夏吟和鄭川都點頭應是,跟著蘇柳一邁步,周圍就瞬間空了下來。
夏吟警惕的環顧了一圈,沒有看到蘇柳和鄭川的身影。
這像是特地將他們三個人分開,好進行逐個擊破。
試探性的激活了身上的陣法,陣法微微亮了亮,又熄滅了下去。
夏吟看了一圈,沒有輕舉妄動,周圍寂靜無聲,村莊瞬間變得很遙遠,一條泥土小路出現在她的前面,路兩旁一邊是田地,一邊是河流。
“嘻嘻嘻……”
孩子的嬉笑聲傳來,夏吟眼前一花,兩個紙扎的小人就站在了道路的兩邊。
一個是帶著帽子留著小辮兒的男童,另一個是扎著雙髻臉蛋通紅的女童,他們一個人拿著囍字,一個人抱著銅鏡,黑眼睛直直盯著夏吟。
夏吟手指背在后面捏了個符紙,一邊想哪有人結婚在門口擺紙人的,就見兩個紙人瞬間暴起,面色猙獰的撲向她。
手里的符紙倏然甩出去,碰到紙人的瞬間便轟然爆開,散了一地煙塵,夏吟抬手揮了一下灰塵,那兩個紙人就消失不見了。
那條泥土小路還是在面前,夏吟見后退無路,便只能向前沿著這條路走,小路雖然全是泥土,但是被人踩的很實,走上去也沒有很難走。
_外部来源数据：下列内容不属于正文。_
lemma block_ends_cyclic: "{v. is_vec n v} \<subseteq> block_space"
proof
  fix v
  assume "v \<in> {v. is_vec n v}"
  then have "(\<lambda>i. \<Sum>m<n. v m * std_basis m i) = v"
    by (auto simp: is_vec_def std_basis_def if_distrib sum.delta cong: if_cong)
  moreover have "(\<lambda>i. \<Sum>m<n. v m * std_basis m i) \<in> block_space"
    by (intro gen_space_sum gen_space.gen_smult std_basis_in_block_space) auto
  ultimately show "v \<in> block_space" by simp
qed

end

definition of_mat :: "complex Matrix.mat \<Rightarrow> cmat" where
  "of_mat A = (\<lambda>i j. if i < dim_row A \<and> j < dim_col A then A $$ (i, j) else 0)"

lemma is_mat_of_mat: "A \<in> carrier_mat n n \<Longrightarrow> is_mat n n (of_mat A)"
  by (auto simp: of_mat_def is_mat_def)

lemma of_mat_mat: "is_mat n n X \<Longrightarrow> of_mat (Matrix.mat n n (\<lambda>(i, j). X i j)) = X"
  by (intro ext) (auto simp: of_mat_def is_mat_def)

lemma of_mat_one: "of_mat (1\<^sub>m n) = id_mat n"
  by (intro ext) (auto simp: of_mat_def id_mat_def)

lemma of_mat_mult:
  assumes A: "A \<in> carrier_mat n n" and B: "B \<in> carrier_mat n n"
  shows "of_mat (A * B) = mmul n (of_mat A) (of_mat B)"
proof (intro ext)
  fix i j
  show "of_mat (A * B) i j = mmul n (of_mat A) (of_mat B) i j"
  proof (cases "i < n \<and> j < n")
    case True
    then have "of_mat (A * B) i j = (\<Sum>l\<in>{0..<n}. A $$ (i, l) * B $$ (l, j))"
      using A B by (simp add: of_mat_def scalar_prod_def)
    then show ?thesis
      using A B True by (simp add: mmul_def of_mat_def atLeast0LessThan)
  next
    case False
    then show ?thesis using A B by (auto simp: mmul_def of_mat_def)
  qed
qed

lemma of_mat_four_block:
  assumes "A \<in> carrier_mat a a" "D \<in> carrier_mat d d"
  shows "of_mat (four_block_mat A (0\<^sub>m a d) (0\<^sub>m d a) D) i j =
    (if i < a then if j < a then of_mat A i j else 0 else if j < a then 0 else of_mat D (i - a) (j - a))"
  using assms by (auto simp: of_mat_def)

lemma jordan_shaped_four_block:
  assumes A: "A \<in> carrier_mat a a" "jordan_shaped a (of_mat A)"
    and D: "D \<in> carrier_mat d d" "jordan_shaped d (of_mat D)"
  shows "jordan_shaped (a + d) (of_mat (four_block_mat A (0\<^sub>m a d) (0\<^sub>m d a) D))"
proof -
  let ?M = "of_mat (four_block_mat A (0\<^sub>m a d) (0\<^sub>m d a) D)"
  note M = of_mat_four_block[OF A(1) D(1)]
  have "j = i \<or> (j = Suc i \<and> ?M i j = 1 \<and> ?M i i = ?M j j)" if nz: "?M i j \<noteq> 0" for i j
  proof (cases "i < a")
    case True
    then show ?thesis
      using nz A(2) unfolding M by (auto simp: jordan_shaped_def split: if_splits)
  next
    case False
    then have "\<not> j < a" "of_mat D (i - a) (j - a) \<noteq> 0"
      using nz unfolding M by (auto split: if_splits)
    then have "j - a = i - a \<or> j - a = Suc (i - a) \<and> of_mat D (i - a) (j - a) = 1 \<and>
        of_mat D (i - a) (i - a) = of_mat D (j - a) (j - a)"
      using D(2) by (auto simp: jordan_shaped_def)
    then show ?thesis
      using False \<open>\<not> j < a\<close> unfolding M by (auto simp: Suc_diff_le)
  qed
  moreover have "is_mat (a + d) (a + d) ?M"
    using A D unfolding M by (auto simp: is_mat_def jordan_shaped_def)
  ultimately show ?thesis
    unfolding jordan_shaped_def by blast
qed

lemma jordan_shaped_jordan_matrix:
  "jordan_shaped (sum_list (map fst n_as)) (of_mat (jordan_matrix n_as))"
proof (induct n_as)
  case Nil
  then show ?case
    by (simp add: jordan_shaped_def is_mat_def of_mat_def)
next
  case (Cons ka n_as)
  obtain k a where ka: "ka = (k, a)" by force
  have "jordan_shaped k (of_mat (jordan_block k a))"
    by (auto simp: jordan_shaped_def is_mat_def of_mat_def)
  then show ?case
    using jordan_shaped_four_block[OF _ _ _ Cons] by (simp add: ka jordan_matrix_Cons)
qed

lemma padded_jordan_form:
  assumes X: "is_mat n n X"
  shows "\<exists>P Q J. is_mat n n P \<and> is_mat n n Q \<and> jordan_shaped n J \<and>
    mmul n P Q = id_mat n \<and> mmul n Q P = id_mat n \<and> X = mmul n (mmul n P J) Q"
proof -
  let ?A = "Matrix.mat n n (\<lambda>(i, j). X i j) :: complex Matrix.mat"
  have A: "?A \<in> carrier_mat n n" by simp
  obtain as where "char_poly ?A = (\<Prod>a \<leftarrow> as. [:- a, 1:])"
    using char_poly_factorized[OF A] by blast
  then obtain n_as where "jordan_nf ?A n_as"
    using jordan_nf_exists[OF A] by blast
  then obtain P Q where "similar_mat_wit ?A (jordan_matrix n_as) P Q"
    unfolding jordan_nf_def similar_mat_def by blast
  then have carrier: "jordan_matrix n_as \<in> carrier_mat n n" "P \<in> carrier_mat n n" "Q \<in> carrier_mat n n"
    and inverse: "P * Q = 1\<^sub>m n" "Q * P = 1\<^sub>m n" and conj: "?A = P * jordan_matrix n_as * Q"
    unfolding similar_mat_wit_def Let_def by auto
  have "X = mmul n (mmul n (of_mat P) (of_mat (jordan_matrix n_as))) (of_mat Q)"
    using of_mat_mat[OF X] carrier unfolding conj by (simp add: of_mat_mult mmul_assoc)
  moreover have "jordan_shaped n (of_mat (jordan_matrix n_as))"
    using jordan_shaped_jordan_matrix[of n_as] carrier(1) by (metis carrier_matD(1) jordan_matrix_dim(1))
  moreover have "mmul n (of_mat P) (of_mat Q) = id_mat n" "mmul n (of_mat Q) (of_mat P) = id_mat n"
    using carrier inverse by (simp_all flip: of_mat_mult of_mat_one)
  ultimately show ?thesis
    using carrier is_mat_of_mat by blast
qed

lemma exists_commuting_cyclic_partner:
  assumes X: "is_mat n n X"
  shows "\<exists>Z w. is_mat n n Z \<and> is_vec n w \<and> mmul n X Z = mmul n Z X \<and>
    {v. is_vec n v} \<subseteq> gen_space n X Z {w}"
proof -
  obtain P Q J where P: "is_mat n n P" and Q: "is_mat n n Q" and J: "jordan_shaped n J"
    and PQ: "mmul n P Q = id_mat n" and QP: "mmul n Q P = id_mat n"
    and XJ: "X = mmul n (mmul n P J) Q"
    using padded_jordan_form[OF X] by blast
  let ?D = "block_diag n J"
  let ?Z = "mmul n (mmul n P ?D) Q"
  have conj_mmul: "mmul n (mmul n (mmul n P A) Q) (mmul n (mmul n P B) Q) = mmul n (mmul n P (mmul n A B)) Q"
    if "is_mat n n B" for A B
  proof -
    have "mmul n (mmul n (mmul n P A) Q) (mmul n (mmul n P B) Q) =
        mmul n (mmul n P (mmul n A (mmul n (mmul n Q P) B))) Q"
      by (simp add: mmul_assoc)
    then show ?thesis
      using that by (simp add: QP mmul_id_mat_left)
  qed
  have "mmul n X ?Z = mmul n (mmul n P (mmul n J ?D)) Q"
    unfolding XJ by (rule conj_mmul[OF is_mat_block_diag])
  also have "\<dots> = mmul n (mmul n P (mmul n ?D J)) Q"
    by (simp add: jordan_shaped_commute_block_diag[OF J])
  also have "\<dots> = mmul n ?Z X"
    unfolding XJ by (rule conj_mmul[OF jordan_shaped_is_mat[OF J], symmetric])
  finally have "mmul n X ?Z = mmul n ?Z X" .
  moreover have "{v. is_vec n v} \<subseteq> gen_space n X ?Z {mvec n P (block_ends n J)}"
  proof
    fix v
    assume v: "v \<in> {v. is_vec n v}"
    have "mvec n Q v \<in> block_space n J"
      using block_ends_cyclic[OF J] is_vec_mvec[OF Q] by blast
    from gen_space_conj[OF QP XJ refl this]
    have "mvec n P (mvec n Q v) \<in> gen_space n X ?Z {mvec n P (block_ends n J)}"
      by simp
    moreover have "mvec n P (mvec n Q v) = v"
      using v by (simp add: mvec_mmul[symmetric] PQ mvec_id_mat)
    ultimately show "v \<in> gen_space n X ?Z {mvec n P (block_ends n J)}"
      by simp
  qed
  moreover have "is_mat n n ?Z"
    using P Q by (intro is_mat_mmul is_mat_block_diag)
  ultimately show ?thesis
    using is_vec_mvec[OF P] by blast
qed

section \<open>Cyclicity survives a generic perturbation\<close>

definition polyfun :: "(complex \<Rightarrow> complex) \<Rightarrow> bool" where
  "polyfun f \<longleftrightarrow> (\<exists>p. \<forall>s. f s = poly p s)"

lemma polyfun_const: "polyfun (\<lambda>s. c)"
  unfolding polyfun_def by (intro exI[of _ "[:c:]"]) simp

lemma polyfun_ident: "polyfun (\<lambda>s. s)"
  unfolding polyfun_def by (intro exI[of _ "[:0, 1:]"]) simp

lemma polyfun_add: "polyfun f \<Longrightarrow> polyfun g \<Longrightarrow> polyfun (\<lambda>s. f s + g s)"
  unfolding polyfun_def by (metis poly_add)

lemma polyfun_mult: "polyfun f \<Longrightarrow> polyfun g \<Longrightarrow> polyfun (\<lambda>s. f s * g s)"
  unfolding polyfun_def by (metis poly_mult)

lemma polyfun_sum: "finite F \<Longrightarrow> (\<And>r. r \<in> F \<Longrightarrow> polyfun (f r)) \<Longrightarrow> polyfun (\<lambda>s. \<Sum>r\<in>F. f r s)"
  by (induct F rule: finite_induct) (auto intro: polyfun_add polyfun_const)

lemma polyfun_prod: "finite F \<Longrightarrow> (\<And>r. r \<in> F \<Longrightarrow> polyfun (f r)) \<Longrightarrow> polyfun (\<lambda>s. \<Prod>r\<in>F. f r s)"
  by (induct F rule: finite_induct) (auto intro: polyfun_mult polyfun_const)

lemma polyfun_det:
  assumes "\<And>i j. polyfun (\<lambda>s. f s i j)"
  shows "polyfun (\<lambda>s. Determinant.det (Matrix.mat n n (\<lambda>(i, j). f s i j)))"
proof -
  have "Determinant.det (Matrix.mat n n (\<lambda>(i, j). f s i j)) =
      (\<Sum>p\<in>{p. p permutes {0..<n}}. signof p * (\<Prod>i\<in>{0..<n}. f s i (p i)))" for s
    unfolding det_def'[OF mat_carrier]
    by (intro sum.cong refl arg_cong2[where f = "(*)"] prod.cong)
      (auto dest: permutes_in_image)
  moreover have "polyfun (\<lambda>s. \<Sum>p\<in>{p. p permutes {0..<n}}. signof p * (\<Prod>i\<in>{0..<n}. f s i (p i)))"
    by (intro polyfun_sum polyfun_mult polyfun_const polyfun_prod finite_permutations assms) auto
  ultimately show ?thesis by simp
qed

lemma gen_space_if_det_ne_0:
  assumes U: "\<And>r. r < n \<Longrightarrow> U r \<in> gen_space n A B G" "\<And>r. is_vec n (U r)"
    and det: "Determinant.det (Matrix.mat n n (\<lambda>(i, r). U r i)) \<noteq> 0"
    and x: "is_vec n x"
  shows "x \<in> gen_space n A B G"
proof -
  define M where "M = Matrix.mat n n (\<lambda>(i, r). U r i)"
  have M: "M \<in> carrier_mat n n"
    by (simp add: M_def)
  let ?d = "Determinant.det M"
  let ?y = "adj_mat M *\<^sub>v vec n x"
  \<comment> \<open>Cramer's rule\<close>
  have "M *\<^sub>v ?y = (M * adj_mat M) *\<^sub>v vec n x"
    by (rule assoc_mult_mat_vec[OF M adj_mat(1)[OF M] vec_carrier, symmetric])
  also have "\<dots> = (?d \<cdot>\<^sub>m 1\<^sub>m n) *\<^sub>v vec n x"
    using adj_mat(2)[OF M] by simp
  also have "\<dots> = ?d \<cdot>\<^sub>v (1\<^sub>m n *\<^sub>v vec n x)"
    by auto
  finally have y: "M *\<^sub>v ?y = ?d \<cdot>\<^sub>v vec n x"
    by simp
  have "(\<lambda>i. \<Sum>r\<in>{0..<n}. (?y $ r / ?d) * U r i) = x"
  proof (intro ext)
    fix i
    show "(\<Sum>r\<in>{0..<n}. (?y $ r / ?d) * U r i) = x i"
    proof (cases "i < n")
      case True
      have "(M *\<^sub>v ?y) $ i = (\<Sum>r\<in>{0..<n}. U r i * ?y $ r)"
        using True adj_mat(1)[OF M] by (simp add: M_def scalar_prod_def)
      then have "(\<Sum>r\<in>{0..<n}. U r i * ?y $ r) = ?d * x i"
        using y True by simp
      then show ?thesis
        using det by (simp add: M_def sum_divide_distrib[symmetric] mult.commute)
    next
      case False
      then show ?thesis using x U(2) by (simp add: is_vec_def)
    qed
  qed
  moreover have "(\<lambda>i. \<Sum>r\<in>{0..<n}. (?y $ r / ?d) * U r i) \<in> gen_space n A B G"
    using U(1) by (intro gen_space_sum gen_space.gen_smult) auto
  ultimately show ?thesis by simp
qed

text \<open>Syntax trees for the elements of \<open>gen_space n A B {b}\<close>: evaluating one tree along the
  family \<open>(A, Z + s Y, w + s v)\<close> gives coordinates that are polynomial in \<open>s\<close>.\<close>

datatype gen_expr = EBase | EZero | EAdd gen_expr gen_expr | EScale complex gen_expr
  | EMulA gen_expr | EMulB gen_expr

primrec eval_expr :: "nat \<Rightarrow> cmat \<Rightarrow> cmat \<Rightarrow> cvec \<Rightarrow> gen_expr \<Rightarrow> cvec" where
  "eval_expr n A B b EBase = b"
| "eval_expr n A B b EZero = (\<lambda>i. 0)"
| "eval_expr n A B b (EAdd e1 e2) = (\<lambda>i. eval_expr n A B b e1 i + eval_expr n A B b e2 i)"
| "eval_expr n A B b (EScale c e) = (\<lambda>i. c * eval_expr n A B b e i)"
| "eval_expr n A B b (EMulA e) = mvec n A (eval_expr n A B b e)"
| "eval_expr n A B b (EMulB e) = mvec n B (eval_expr n A B b e)"

lemma eval_expr_in_gen_space: "eval_expr n A B b e \<in> gen_space n A B {b}"
  by (induct e) (auto intro: gen_space.intros)

lemma gen_space_singleton_eval_expr: "u \<in> gen_space n A B {b} \<Longrightarrow> \<exists>e. u = eval_expr n A B b e"
proof (induct rule: gen_space.induct)
  case (gen_base v)
  then show ?case by (intro exI[of _ EBase]) simp
next
  case gen_zero
  then show ?case by (intro exI[of _ EZero]) simp
next
  case (gen_add v w)
  then obtain e1 e2 where "v = eval_expr n A B b e1" "w = eval_expr n A B b e2" by blast
  then show ?case by (intro exI[of _ "EAdd e1 e2"]) simp
next
  case (gen_smult v c)
  then obtain e where "v = eval_expr n A B b e" by blast
  then show ?case by (intro exI[of _ "EScale c e"]) simp
next
  case (gen_X v)
  then obtain e where "v = eval_expr n A B b e" by blast
  then show ?case by (intro exI[of _ "EMulA e"]) simp
next
  case (gen_Y v)
  then obtain e where "v = eval_expr n A B b e" by blast
  then show ?case by (intro exI[of _ "EMulB e"]) simp
qed

lemma polyfun_eval_expr:
  "polyfun (\<lambda>s. eval_expr n X (\<lambda>i j. Z i j + s * Y i j) (\<lambda>i. w i + s * v i) e i)"
proof (induct e arbitrary: i)
  case EBase
  then show ?case by (auto intro!: polyfun_add polyfun_mult polyfun_const polyfun_ident)
next
  case (EMulA e)
  then show ?case unfolding eval_expr.simps mvec_def
    by (intro polyfun_sum polyfun_mult polyfun_const) auto
next
  case (EMulB e)
  then show ?case unfolding eval_expr.simps mvec_def
    by (intro polyfun_sum polyfun_mult polyfun_const polyfun_add polyfun_ident) auto
qed (simp_all add: polyfun_const polyfun_add polyfun_mult)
剛走了兩步,就看到一片張燈結彩的喜氣景象,大紅色的帷幕遮滿了四周,熙熙攘攘的人群中時不時傳來一聲大笑、一道恭賀。
“哎呦,您來啦?”
一個尖細的聲音帶著笑出現在她耳邊,夏吟定睛一看,眼前飄著一個穿著長袍的小鬼,臉上涂著酡紅的粉底,咧嘴笑著招手:“快來快來,你朋友可都在里面等著你呢。”
夏吟走過去,這前面的人比她想的還要多,可以說是人山人海來形容,她不動聲色的套話:“今天可真熱鬧,這么多人!”
“哎呀,可不是嗎?”那小鬼不習慣的摸了摸臉:“今天可是山神大喜的日子,喜婆讓我們都涂上腮紅,說這樣喜慶點,但是我一個大男人涂這個……嗐,說起來怪害羞的。”
“你英姿颯爽,豐神俊朗,涂上這個當然是錦上添花了。”夏吟睜著眼睛說瞎話:“就是不知我朋友今天都坐在哪里了?”
夏吟一頓夸讓小鬼心情舒暢,當然是有問必答:“都坐在友人席那塊兒了,我一會兒領您過去?”
“不麻煩你吧?”
“不麻煩不麻煩,現在沒什么人了,能領著您是我的榮幸。”小鬼樂呵呵的說著,飄過一旁為夏吟引路:“過了小路說明您份子錢已經隨過了吧?那兩個門童可愛吧?萬里挑一選出來的,那我直接領您去里面了。”
夏吟沒敢說沒隨,甚至把兩個門童給打沒了,只能悶著頭跟他去了里面,一邊心想難道蘇柳他們也都到了這里?
小鬼領著夏吟,拐了兩個彎,停在了一個圓桌前,小聲道:“這里便是您的位置了,我就先告退了。”
夏吟穩穩坐下,剛挨上凳子,前后左右都緩緩出現人來。
左手邊是一個穿的一身黑的女性,戴著黑色的面紗,這一身簡直不像是來參加婚禮的,而是來參加葬禮的。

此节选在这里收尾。